Exercise goal -
From the data underneath, reproduce exactly the stretch that begins at the line with "(f - g) = psi" and ends after the line with "xs) = cp_mult".

(Records from a collection)
+ + + + + + +
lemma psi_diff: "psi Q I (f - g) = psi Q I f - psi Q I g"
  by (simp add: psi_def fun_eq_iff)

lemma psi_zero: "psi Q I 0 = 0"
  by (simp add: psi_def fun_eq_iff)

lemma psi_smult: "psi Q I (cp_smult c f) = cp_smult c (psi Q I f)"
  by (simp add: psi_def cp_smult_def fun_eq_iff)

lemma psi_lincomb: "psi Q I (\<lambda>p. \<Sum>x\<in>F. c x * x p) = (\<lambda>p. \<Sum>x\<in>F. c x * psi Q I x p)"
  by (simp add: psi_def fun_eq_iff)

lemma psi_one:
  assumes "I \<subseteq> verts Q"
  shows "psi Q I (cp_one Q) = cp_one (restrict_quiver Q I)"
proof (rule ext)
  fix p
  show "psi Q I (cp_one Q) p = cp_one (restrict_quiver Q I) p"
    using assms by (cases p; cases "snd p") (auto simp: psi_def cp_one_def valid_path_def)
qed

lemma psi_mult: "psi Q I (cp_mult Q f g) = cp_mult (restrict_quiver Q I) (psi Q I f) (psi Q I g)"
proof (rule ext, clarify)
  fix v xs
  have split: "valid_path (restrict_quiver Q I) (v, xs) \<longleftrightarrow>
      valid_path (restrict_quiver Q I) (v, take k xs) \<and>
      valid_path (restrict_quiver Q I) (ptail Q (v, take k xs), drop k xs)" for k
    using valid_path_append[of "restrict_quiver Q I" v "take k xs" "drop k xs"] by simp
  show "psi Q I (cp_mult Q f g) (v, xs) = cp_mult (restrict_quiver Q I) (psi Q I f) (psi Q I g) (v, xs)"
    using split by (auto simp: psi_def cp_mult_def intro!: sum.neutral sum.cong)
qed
+ + + + + + +
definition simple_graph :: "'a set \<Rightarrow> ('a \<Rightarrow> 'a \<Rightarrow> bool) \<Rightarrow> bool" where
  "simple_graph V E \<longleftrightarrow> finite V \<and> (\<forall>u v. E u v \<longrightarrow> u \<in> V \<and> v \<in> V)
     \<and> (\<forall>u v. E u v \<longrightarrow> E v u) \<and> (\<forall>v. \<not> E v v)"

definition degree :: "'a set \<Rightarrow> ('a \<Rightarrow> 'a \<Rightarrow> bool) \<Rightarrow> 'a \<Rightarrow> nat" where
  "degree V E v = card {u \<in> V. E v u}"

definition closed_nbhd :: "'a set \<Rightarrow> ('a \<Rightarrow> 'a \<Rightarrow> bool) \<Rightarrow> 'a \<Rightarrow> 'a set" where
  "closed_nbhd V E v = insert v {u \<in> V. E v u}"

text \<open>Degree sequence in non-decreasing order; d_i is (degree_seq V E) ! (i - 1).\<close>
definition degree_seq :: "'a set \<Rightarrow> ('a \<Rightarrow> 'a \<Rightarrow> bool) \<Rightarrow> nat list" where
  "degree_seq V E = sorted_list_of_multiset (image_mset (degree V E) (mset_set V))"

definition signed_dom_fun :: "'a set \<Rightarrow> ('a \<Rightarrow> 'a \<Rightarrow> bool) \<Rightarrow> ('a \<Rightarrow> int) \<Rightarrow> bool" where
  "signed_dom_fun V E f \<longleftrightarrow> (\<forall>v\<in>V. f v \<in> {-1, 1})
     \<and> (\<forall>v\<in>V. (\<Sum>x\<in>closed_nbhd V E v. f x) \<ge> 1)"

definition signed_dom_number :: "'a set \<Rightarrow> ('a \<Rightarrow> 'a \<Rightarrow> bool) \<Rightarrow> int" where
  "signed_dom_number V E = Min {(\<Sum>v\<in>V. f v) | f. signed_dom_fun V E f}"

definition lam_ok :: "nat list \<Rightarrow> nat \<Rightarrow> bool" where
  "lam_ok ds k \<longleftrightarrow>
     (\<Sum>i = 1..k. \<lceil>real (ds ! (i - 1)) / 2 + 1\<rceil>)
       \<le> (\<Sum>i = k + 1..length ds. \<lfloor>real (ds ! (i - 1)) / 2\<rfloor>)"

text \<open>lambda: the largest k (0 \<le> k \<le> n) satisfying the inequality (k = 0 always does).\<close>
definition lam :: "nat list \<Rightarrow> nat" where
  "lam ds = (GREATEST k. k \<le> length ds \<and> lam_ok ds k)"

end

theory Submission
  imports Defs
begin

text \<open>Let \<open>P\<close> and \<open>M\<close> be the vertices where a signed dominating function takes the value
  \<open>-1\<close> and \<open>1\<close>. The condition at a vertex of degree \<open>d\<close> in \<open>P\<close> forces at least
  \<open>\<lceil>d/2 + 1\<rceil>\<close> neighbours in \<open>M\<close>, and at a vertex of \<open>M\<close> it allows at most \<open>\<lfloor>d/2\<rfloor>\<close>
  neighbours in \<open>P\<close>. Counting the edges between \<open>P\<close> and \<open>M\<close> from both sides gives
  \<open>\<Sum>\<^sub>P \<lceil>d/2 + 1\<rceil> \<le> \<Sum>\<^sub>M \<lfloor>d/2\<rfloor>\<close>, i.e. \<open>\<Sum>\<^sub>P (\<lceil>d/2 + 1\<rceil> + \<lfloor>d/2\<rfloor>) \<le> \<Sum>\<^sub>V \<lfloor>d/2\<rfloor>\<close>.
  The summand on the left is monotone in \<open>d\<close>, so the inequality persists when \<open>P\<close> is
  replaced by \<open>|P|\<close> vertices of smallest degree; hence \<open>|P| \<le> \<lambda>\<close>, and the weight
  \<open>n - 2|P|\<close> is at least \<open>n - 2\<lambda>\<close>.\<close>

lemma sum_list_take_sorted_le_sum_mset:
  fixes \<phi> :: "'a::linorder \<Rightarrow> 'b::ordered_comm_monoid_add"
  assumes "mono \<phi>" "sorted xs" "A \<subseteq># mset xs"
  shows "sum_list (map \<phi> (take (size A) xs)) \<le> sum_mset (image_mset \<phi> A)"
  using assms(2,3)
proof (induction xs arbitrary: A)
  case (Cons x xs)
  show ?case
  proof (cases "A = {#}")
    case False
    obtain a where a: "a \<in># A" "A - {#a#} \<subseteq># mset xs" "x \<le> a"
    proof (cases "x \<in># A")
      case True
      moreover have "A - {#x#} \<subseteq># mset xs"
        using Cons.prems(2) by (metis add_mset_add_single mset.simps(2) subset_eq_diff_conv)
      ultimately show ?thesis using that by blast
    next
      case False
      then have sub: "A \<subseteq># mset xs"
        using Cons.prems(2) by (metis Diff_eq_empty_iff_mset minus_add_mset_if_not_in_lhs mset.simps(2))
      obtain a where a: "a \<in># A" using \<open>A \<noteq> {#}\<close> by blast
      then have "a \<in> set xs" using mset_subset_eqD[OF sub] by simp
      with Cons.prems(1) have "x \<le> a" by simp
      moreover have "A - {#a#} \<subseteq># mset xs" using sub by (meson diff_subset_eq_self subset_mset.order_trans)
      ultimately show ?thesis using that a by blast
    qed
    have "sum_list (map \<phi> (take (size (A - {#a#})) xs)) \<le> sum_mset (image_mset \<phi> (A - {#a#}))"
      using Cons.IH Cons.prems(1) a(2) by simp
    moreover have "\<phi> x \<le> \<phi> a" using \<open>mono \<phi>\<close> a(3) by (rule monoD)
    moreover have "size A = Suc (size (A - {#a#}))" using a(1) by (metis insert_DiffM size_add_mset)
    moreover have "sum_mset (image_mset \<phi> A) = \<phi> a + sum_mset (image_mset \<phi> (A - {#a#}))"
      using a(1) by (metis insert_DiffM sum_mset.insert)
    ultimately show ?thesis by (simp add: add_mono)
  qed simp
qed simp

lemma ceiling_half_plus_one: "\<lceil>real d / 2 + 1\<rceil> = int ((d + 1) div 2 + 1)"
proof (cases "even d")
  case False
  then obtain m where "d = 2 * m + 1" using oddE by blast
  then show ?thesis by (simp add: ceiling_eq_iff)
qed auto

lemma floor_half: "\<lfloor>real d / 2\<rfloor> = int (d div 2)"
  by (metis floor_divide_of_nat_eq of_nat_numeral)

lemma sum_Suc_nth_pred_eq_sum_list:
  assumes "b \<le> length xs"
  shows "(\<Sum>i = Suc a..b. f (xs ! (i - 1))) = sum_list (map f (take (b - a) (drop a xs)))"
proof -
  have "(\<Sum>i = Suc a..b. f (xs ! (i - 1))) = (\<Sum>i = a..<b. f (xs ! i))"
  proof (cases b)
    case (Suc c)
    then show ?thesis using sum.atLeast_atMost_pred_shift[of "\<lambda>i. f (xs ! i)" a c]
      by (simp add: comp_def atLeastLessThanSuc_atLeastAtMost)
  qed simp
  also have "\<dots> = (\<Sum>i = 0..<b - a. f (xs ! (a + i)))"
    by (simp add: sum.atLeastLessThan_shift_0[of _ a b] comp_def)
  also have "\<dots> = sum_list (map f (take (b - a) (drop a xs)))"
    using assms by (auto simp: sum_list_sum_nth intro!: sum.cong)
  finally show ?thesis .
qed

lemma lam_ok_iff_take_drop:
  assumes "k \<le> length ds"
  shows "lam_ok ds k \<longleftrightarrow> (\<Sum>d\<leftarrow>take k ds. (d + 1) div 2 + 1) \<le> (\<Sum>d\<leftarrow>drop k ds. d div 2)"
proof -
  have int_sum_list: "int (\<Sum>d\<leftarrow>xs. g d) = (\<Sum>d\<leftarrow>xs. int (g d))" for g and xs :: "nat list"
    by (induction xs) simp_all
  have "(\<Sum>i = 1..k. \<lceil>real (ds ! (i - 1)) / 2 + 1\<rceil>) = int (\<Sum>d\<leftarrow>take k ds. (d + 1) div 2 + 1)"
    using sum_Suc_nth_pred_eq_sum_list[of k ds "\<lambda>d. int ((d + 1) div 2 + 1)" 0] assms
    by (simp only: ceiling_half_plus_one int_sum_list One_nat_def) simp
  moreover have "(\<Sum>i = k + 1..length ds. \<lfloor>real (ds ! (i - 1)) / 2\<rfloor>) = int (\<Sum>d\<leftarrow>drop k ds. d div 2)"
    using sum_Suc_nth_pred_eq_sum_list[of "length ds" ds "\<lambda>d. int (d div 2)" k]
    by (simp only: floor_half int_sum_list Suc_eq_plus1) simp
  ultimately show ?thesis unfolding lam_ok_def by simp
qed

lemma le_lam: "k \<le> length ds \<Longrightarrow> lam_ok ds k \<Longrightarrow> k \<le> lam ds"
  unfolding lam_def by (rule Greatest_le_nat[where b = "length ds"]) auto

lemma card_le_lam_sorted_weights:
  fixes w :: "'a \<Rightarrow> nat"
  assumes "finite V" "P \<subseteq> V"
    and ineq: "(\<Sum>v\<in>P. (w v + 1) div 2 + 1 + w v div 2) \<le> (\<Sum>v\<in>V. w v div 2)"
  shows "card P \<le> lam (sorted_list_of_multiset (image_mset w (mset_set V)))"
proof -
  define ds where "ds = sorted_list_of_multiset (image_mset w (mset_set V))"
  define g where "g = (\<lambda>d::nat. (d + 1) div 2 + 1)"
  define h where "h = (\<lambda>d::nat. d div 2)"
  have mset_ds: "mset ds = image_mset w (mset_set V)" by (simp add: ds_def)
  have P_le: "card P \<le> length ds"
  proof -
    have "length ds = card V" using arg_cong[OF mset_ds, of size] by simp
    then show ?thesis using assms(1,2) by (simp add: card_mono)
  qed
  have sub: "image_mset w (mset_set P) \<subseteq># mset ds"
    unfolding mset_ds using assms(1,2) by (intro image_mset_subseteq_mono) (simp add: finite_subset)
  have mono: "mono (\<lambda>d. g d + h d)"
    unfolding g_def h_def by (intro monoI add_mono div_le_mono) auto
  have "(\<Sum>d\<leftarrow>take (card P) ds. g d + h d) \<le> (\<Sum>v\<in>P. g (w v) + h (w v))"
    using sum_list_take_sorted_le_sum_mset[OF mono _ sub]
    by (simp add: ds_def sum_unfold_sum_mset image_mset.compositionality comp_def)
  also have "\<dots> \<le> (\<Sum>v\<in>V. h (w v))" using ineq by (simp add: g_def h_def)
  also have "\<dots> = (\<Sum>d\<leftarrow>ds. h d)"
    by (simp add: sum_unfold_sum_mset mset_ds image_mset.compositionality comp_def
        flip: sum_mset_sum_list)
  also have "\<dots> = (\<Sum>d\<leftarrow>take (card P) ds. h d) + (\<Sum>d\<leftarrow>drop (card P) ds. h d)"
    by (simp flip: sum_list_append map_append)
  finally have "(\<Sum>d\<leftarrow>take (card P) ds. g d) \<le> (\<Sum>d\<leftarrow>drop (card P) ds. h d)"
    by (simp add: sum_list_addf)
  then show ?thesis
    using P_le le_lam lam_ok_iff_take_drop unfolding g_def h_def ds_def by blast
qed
+ + + + + + +
Response to the task -
lemma psi_diff: "psi Q I (f - g) = psi Q I f - psi Q I g"
  by (simp add: psi_def fun_eq_iff)

lemma psi_zero: "psi Q I 0 = 0"
  by (simp add: psi_def fun_eq_iff)

lemma psi_smult: "psi Q I (cp_smult c f) = cp_smult c (psi Q I f)"
  by (simp add: psi_def cp_smult_def fun_eq_iff)

lemma psi_lincomb: "psi Q I (\<lambda>p. \<Sum>x\<in>F. c x * x p) = (\<lambda>p. \<Sum>x\<in>F. c x * psi Q I x p)"
  by (simp add: psi_def fun_eq_iff)

lemma psi_one:
  assumes "I \<subseteq> verts Q"
  shows "psi Q I (cp_one Q) = cp_one (restrict_quiver Q I)"
proof (rule ext)
  fix p
  show "psi Q I (cp_one Q) p = cp_one (restrict_quiver Q I) p"
    using assms by (cases p; cases "snd p") (auto simp: psi_def cp_one_def valid_path_def)
qed

lemma psi_mult: "psi Q I (cp_mult Q f g) = cp_mult (restrict_quiver Q I) (psi Q I f) (psi Q I g)"
proof (rule ext, clarify)
  fix v xs
  have split: "valid_path (restrict_quiver Q I) (v, xs) \<longleftrightarrow>
      valid_path (restrict_quiver Q I) (v, take k xs) \<and>
      valid_path (restrict_quiver Q I) (ptail Q (v, take k xs), drop k xs)" for k
    using valid_path_append[of "restrict_quiver Q I" v "take k xs" "drop k xs"] by simp
  show "psi Q I (cp_mult Q f g) (v, xs) = cp_mult (restrict_quiver Q I) (psi Q I f) (psi Q I g) (v, xs)"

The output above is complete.